> **Problem requirements**
Reproduce the records below; each should match the original exactly.

___ Records shown ___

(* Let $p\ge 3$ and let $G=(V,E,F)$ be a locally tessellating planar graph without cut locus such that $|v|\le p$ for all $v\in V$. Then for every $v_0\in V$, $\mu(G,v_0)\le \mu(T_p)=\log(p-1)$, where $T_p$ is the $p$-regular tree.
   Context: A planar graph $G=(V,E)$ is embedded in $\mathbb{R}^2$ with edges continuous rectifiable curves without self-intersections; its faces are the closures of the connected components of $\mathbb{R}^2 \setminus \bigcup_{e\in E} e$. $G$ is simple if it has no loops, no multiple edges, no vertices of degree one, every vertex has finite degree, and every bounded open subset of $\mathbb{R}^2$ meets only finitely many faces. The degree $|f|$ of a face is the length of a shortest closed walk in its boundary subgraph meeting all its vertices ($\infty$ if none). A simple planar graph is locally tessellating if: (i) every edge lies in precisely two different faces; (ii) any two faces are disjoint or share precisely a vertex or a path of edges, and if this path has length $>1$ both faces are unbounded; (iii) every face is homeomorphic to a closed disc, to $\mathbb{R}^2$ minus an open disc, or to the closed upper half plane, and its boundary is a path. With $d$ the combinatorial distance, ${\rm Cut}(v)=\{w\in V: d(v,w')\le d(v,w)\text{ for all } w'\text{ adjacent to } w\}$, and $G$ is without cut locus if ${\rm Cut}(v)=\emptyset$ for all $v$. With $\sigma_n=|\{v: d(v_0,v)=n\}|$, the exponential growth is $\mu(G,v_0)=\limsup_{n\to\infty}\frac{\log\sigma_n}{n}$. *)

theory Defs
  imports "HOL-Analysis.Analysis"
begin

___

> **Result**
(* Let $p\ge 3$ and let $G=(V,E,F)$ be a locally tessellating planar graph without cut locus such that $|v|\le p$ for all $v\in V$. Then for every $v_0\in V$, $\mu(G,v_0)\le \mu(T_p)=\log(p-1)$, where $T_p$ is the $p$-regular tree.
   Context: A planar graph $G=(V,E)$ is embedded in $\mathbb{R}^2$ with edges continuous rectifiable curves without self-intersections; its faces are the closures of the connected components of $\mathbb{R}^2 \setminus \bigcup_{e\in E} e$. $G$ is simple if it has no loops, no multiple edges, no vertices of degree one, every vertex has finite degree, and every bounded open subset of $\mathbb{R}^2$ meets only finitely many faces. The degree $|f|$ of a face is the length of a shortest closed walk in its boundary subgraph meeting all its vertices ($\infty$ if none). A simple planar graph is locally tessellating if: (i) every edge lies in precisely two different faces; (ii) any two faces are disjoint or share precisely a vertex or a path of edges, and if this path has length $>1$ both faces are unbounded; (iii) every face is homeomorphic to a closed disc, to $\mathbb{R}^2$ minus an open disc, or to the closed upper half plane, and its boundary is a path. With $d$ the combinatorial distance, ${\rm Cut}(v)=\{w\in V: d(v,w')\le d(v,w)\text{ for all } w'\text{ adjacent to } w\}$, and $G$ is without cut locus if ${\rm Cut}(v)=\emptyset$ for all $v$. With $\sigma_n=|\{v: d(v_0,v)=n\}|$, the exponential growth is $\mu(G,v_0)=\limsup_{n\to\infty}\frac{\log\sigma_n}{n}$. *)

theory Defs
  imports "HOL-Analysis.Analysis"
begin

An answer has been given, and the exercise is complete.